__Exercise aim__: I would like the listing below retyped exactly, line by line.
START Records for this exercise
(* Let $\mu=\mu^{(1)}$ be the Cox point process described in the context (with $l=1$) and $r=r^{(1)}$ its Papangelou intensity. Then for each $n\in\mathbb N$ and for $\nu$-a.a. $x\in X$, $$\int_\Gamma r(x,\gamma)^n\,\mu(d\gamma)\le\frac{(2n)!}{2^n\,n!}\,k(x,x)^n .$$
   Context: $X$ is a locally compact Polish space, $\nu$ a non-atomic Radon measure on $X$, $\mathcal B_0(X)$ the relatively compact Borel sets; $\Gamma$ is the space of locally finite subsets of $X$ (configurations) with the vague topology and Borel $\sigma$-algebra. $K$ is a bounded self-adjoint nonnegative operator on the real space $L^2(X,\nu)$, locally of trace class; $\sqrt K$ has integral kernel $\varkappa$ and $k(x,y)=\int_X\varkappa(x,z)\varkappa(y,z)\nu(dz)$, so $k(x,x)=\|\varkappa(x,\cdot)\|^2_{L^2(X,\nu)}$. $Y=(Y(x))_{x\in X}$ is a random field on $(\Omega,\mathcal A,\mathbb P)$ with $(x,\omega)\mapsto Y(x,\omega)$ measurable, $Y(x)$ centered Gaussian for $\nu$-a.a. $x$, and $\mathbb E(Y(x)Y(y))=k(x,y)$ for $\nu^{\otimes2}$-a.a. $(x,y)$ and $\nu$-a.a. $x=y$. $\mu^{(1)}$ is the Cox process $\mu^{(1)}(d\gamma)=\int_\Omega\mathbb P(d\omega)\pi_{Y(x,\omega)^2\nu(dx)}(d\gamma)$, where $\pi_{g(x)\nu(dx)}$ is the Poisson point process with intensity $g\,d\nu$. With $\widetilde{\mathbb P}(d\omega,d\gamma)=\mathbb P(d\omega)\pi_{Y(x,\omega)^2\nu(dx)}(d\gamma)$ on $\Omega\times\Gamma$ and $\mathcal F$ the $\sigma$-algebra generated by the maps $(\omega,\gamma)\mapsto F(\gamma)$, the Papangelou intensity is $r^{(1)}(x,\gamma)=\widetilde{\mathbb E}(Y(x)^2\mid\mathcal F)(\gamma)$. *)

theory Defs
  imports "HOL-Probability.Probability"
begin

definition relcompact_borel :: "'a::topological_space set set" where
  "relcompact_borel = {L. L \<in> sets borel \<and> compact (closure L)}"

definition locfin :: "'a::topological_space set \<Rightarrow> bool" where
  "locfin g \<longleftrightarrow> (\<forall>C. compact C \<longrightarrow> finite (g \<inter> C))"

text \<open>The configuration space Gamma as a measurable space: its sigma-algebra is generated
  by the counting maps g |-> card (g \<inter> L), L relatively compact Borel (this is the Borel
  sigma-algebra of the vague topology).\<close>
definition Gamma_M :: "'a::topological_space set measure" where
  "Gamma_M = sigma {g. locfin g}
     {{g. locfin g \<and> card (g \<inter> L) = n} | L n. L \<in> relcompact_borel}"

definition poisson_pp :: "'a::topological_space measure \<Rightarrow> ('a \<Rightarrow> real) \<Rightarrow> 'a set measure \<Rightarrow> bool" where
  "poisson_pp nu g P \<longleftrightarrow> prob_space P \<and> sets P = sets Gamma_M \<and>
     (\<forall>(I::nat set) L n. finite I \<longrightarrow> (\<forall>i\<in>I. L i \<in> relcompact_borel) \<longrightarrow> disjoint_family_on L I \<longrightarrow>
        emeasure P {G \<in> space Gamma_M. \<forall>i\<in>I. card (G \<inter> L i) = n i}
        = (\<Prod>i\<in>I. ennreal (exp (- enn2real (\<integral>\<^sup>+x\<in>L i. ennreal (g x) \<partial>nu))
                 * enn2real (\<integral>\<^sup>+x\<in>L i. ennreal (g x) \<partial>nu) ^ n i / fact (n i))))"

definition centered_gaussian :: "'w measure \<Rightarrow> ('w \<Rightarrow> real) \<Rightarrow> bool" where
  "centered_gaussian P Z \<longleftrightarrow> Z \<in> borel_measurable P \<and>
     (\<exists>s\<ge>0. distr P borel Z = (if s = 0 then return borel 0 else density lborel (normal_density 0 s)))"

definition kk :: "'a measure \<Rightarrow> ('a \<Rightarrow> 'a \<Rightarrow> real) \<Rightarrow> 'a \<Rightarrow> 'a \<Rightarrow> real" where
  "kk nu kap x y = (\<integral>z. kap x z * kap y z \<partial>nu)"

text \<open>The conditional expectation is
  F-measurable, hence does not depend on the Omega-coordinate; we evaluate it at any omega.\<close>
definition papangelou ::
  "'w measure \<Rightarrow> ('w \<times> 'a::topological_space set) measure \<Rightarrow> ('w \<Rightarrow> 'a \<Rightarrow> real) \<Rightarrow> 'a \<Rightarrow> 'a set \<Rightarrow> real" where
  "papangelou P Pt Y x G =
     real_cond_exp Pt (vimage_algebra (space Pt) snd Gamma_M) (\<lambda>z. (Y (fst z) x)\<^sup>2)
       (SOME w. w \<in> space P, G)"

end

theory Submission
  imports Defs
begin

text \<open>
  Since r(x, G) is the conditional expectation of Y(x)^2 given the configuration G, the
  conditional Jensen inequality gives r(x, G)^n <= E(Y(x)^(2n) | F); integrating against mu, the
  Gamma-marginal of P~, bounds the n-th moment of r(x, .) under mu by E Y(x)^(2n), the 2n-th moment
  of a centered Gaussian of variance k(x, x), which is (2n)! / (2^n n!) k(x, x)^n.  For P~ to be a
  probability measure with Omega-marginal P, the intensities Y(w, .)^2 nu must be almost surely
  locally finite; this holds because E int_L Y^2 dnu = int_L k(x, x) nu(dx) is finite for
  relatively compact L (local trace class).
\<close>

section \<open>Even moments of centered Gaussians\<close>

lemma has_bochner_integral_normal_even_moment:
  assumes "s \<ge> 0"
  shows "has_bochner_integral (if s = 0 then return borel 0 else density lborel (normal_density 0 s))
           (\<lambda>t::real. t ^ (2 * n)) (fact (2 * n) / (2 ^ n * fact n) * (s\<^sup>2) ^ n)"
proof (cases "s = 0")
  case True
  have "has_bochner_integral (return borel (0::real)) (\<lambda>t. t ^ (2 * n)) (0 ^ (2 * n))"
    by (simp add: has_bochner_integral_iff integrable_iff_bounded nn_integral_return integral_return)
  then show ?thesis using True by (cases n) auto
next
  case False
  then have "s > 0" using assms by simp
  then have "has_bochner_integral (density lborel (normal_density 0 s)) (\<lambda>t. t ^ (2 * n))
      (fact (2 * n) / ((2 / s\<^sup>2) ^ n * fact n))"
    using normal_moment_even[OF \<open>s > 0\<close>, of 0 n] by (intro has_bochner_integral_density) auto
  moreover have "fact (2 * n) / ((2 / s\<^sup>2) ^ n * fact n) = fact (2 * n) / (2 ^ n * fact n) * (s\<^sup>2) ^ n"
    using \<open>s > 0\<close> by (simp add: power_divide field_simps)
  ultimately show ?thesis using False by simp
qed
END Records for this exercise
__Answer section__:
(* Let $\mu=\mu^{(1)}$ be the Cox point process described in the context (with $l=1$) and $r=r^{(1)}$ its Papangelou intensity. Then for each $n\in\mathbb N$ and for $\nu$-a.a. $x\in X$, $$\int_\Gamma r(x,\gamma)^n\,\mu(d\gamma)\le\frac{(2n)!}{2^n\,n!}\,k(x,x)^n .$$
   Context: $X$ is a locally compact Polish space, $\nu$ a non-atomic Radon measure on $X$, $\mathcal B_0(X)$ the relatively compact Borel sets; $\Gamma$ is the space of locally finite subsets of $X$ (configurations) with the vague topology and Borel $\sigma$-algebra. $K$ is a bounded self-adjoint nonnegative operator on the real space $L^2(X,\nu)$, locally of trace class; $\sqrt K$ has integral kernel $\varkappa$ and $k(x,y)=\int_X\varkappa(x,z)\varkappa(y,z)\nu(dz)$, so $k(x,x)=\|\varkappa(x,\cdot)\|^2_{L^2(X,\nu)}$. $Y=(Y(x))_{x\in X}$ is a random field on $(\Omega,\mathcal A,\mathbb P)$ with $(x,\omega)\mapsto Y(x,\omega)$ measurable, $Y(x)$ centered Gaussian for $\nu$-a.a. $x$, and $\mathbb E(Y(x)Y(y))=k(x,y)$ for $\nu^{\otimes2}$-a.a. $(x,y)$ and $\nu$-a.a. $x=y$. $\mu^{(1)}$ is the Cox process $\mu^{(1)}(d\gamma)=\int_\Omega\mathbb P(d\omega)\pi_{Y(x,\omega)^2\nu(dx)}(d\gamma)$, where $\pi_{g(x)\nu(dx)}$ is the Poisson point process with intensity $g\,d\nu$. With $\widetilde{\mathbb P}(d\omega,d\gamma)=\mathbb P(d\omega)\pi_{Y(x,\omega)^2\nu(dx)}(d\gamma)$ on $\Omega\times\Gamma$ and $\mathcal F$ the $\sigma$-algebra generated by the maps $(\omega,\gamma)\mapsto F(\gamma)$, the Papangelou intensity is $r^{(1)}(x,\gamma)=\widetilde{\mathbb E}(Y(x)^2\mid\mathcal F)(\gamma)$. *)

theory Defs
  imports "HOL-Probability.Probability"
begin

definition relcompact_borel :: "'a::topological_space set set" where
  "relcompact_borel = {L. L \<in> sets borel \<and> compact (closure L)}"

definition locfin :: "'a::topological_space set \<Rightarrow> bool" where
  "locfin g \<longleftrightarrow> (\<forall>C. compact C \<longrightarrow> finite (g \<inter> C))"

text \<open>The configuration space Gamma as a measurable space: its sigma-algebra is generated
  by the counting maps g |-> card (g \<inter> L), L relatively compact Borel (this is the Borel
  sigma-algebra of the vague topology).\<close>
definition Gamma_M :: "'a::topological_space set measure" where
  "Gamma_M = sigma {g. locfin g}
     {{g. locfin g \<and> card (g \<inter> L) = n} | L n. L \<in> relcompact_borel}"

definition poisson_pp :: "'a::topological_space measure \<Rightarrow> ('a \<Rightarrow> real) \<Rightarrow> 'a set measure \<Rightarrow> bool" where
  "poisson_pp nu g P \<longleftrightarrow> prob_space P \<and> sets P = sets Gamma_M \<and>
     (\<forall>(I::nat set) L n. finite I \<longrightarrow> (\<forall>i\<in>I. L i \<in> relcompact_borel) \<longrightarrow> disjoint_family_on L I \<longrightarrow>
        emeasure P {G \<in> space Gamma_M. \<forall>i\<in>I. card (G \<inter> L i) = n i}
        = (\<Prod>i\<in>I. ennreal (exp (- enn2real (\<integral>\<^sup>+x\<in>L i. ennreal (g x) \<partial>nu))
                 * enn2real (\<integral>\<^sup>+x\<in>L i. ennreal (g x) \<partial>nu) ^ n i / fact (n i))))"

definition centered_gaussian :: "'w measure \<Rightarrow> ('w \<Rightarrow> real) \<Rightarrow> bool" where
  "centered_gaussian P Z \<longleftrightarrow> Z \<in> borel_measurable P \<and>
     (\<exists>s\<ge>0. distr P borel Z = (if s = 0 then return borel 0 else density lborel (normal_density 0 s)))"

definition kk :: "'a measure \<Rightarrow> ('a \<Rightarrow> 'a \<Rightarrow> real) \<Rightarrow> 'a \<Rightarrow> 'a \<Rightarrow> real" where
  "kk nu kap x y = (\<integral>z. kap x z * kap y z \<partial>nu)"

text \<open>The conditional expectation is
  F-measurable, hence does not depend on the Omega-coordinate; we evaluate it at any omega.\<close>
definition papangelou ::
  "'w measure \<Rightarrow> ('w \<times> 'a::topological_space set) measure \<Rightarrow> ('w \<Rightarrow> 'a \<Rightarrow> real) \<Rightarrow> 'a \<Rightarrow> 'a set \<Rightarrow> real" where
  "papangelou P Pt Y x G =
     real_cond_exp Pt (vimage_algebra (space Pt) snd Gamma_M) (\<lambda>z. (Y (fst z) x)\<^sup>2)
       (SOME w. w \<in> space P, G)"

end

theory Submission
  imports Defs
begin

text \<open>
  Since r(x, G) is the conditional expectation of Y(x)^2 given the configuration G, the
  conditional Jensen inequality gives r(x, G)^n <= E(Y(x)^(2n) | F); integrating against mu, the
  Gamma-marginal of P~, bounds the n-th moment of r(x, .) under mu by E Y(x)^(2n), the 2n-th moment
  of a centered Gaussian of variance k(x, x), which is (2n)! / (2^n n!) k(x, x)^n.  For P~ to be a
  probability measure with Omega-marginal P, the intensities Y(w, .)^2 nu must be almost surely
  locally finite; this holds because E int_L Y^2 dnu = int_L k(x, x) nu(dx) is finite for
  relatively compact L (local trace class).
\<close>

section \<open>Even moments of centered Gaussians\<close>

lemma has_bochner_integral_normal_even_moment:
  assumes "s \<ge> 0"
  shows "has_bochner_integral (if s = 0 then return borel 0 else density lborel (normal_density 0 s))
           (\<lambda>t::real. t ^ (2 * n)) (fact (2 * n) / (2 ^ n * fact n) * (s\<^sup>2) ^ n)"
proof (cases "s = 0")
  case True
  have "has_bochner_integral (return borel (0::real)) (\<lambda>t. t ^ (2 * n)) (0 ^ (2 * n))"
    by (simp add: has_bochner_integral_iff integrable_iff_bounded nn_integral_return integral_return)
  then show ?thesis using True by (cases n) auto
next
  case False
  then have "s > 0" using assms by simp
  then have "has_bochner_integral (density lborel (normal_density 0 s)) (\<lambda>t. t ^ (2 * n))
      (fact (2 * n) / ((2 / s\<^sup>2) ^ n * fact n))"
    using normal_moment_even[OF \<open>s > 0\<close>, of 0 n] by (intro has_bochner_integral_density) auto
  moreover have "fact (2 * n) / ((2 / s\<^sup>2) ^ n * fact n) = fact (2 * n) / (2 ^ n * fact n) * (s\<^sup>2) ^ n"
    using \<open>s > 0\<close> by (simp add: power_divide field_simps)
  ultimately show ?thesis using False by simp
qed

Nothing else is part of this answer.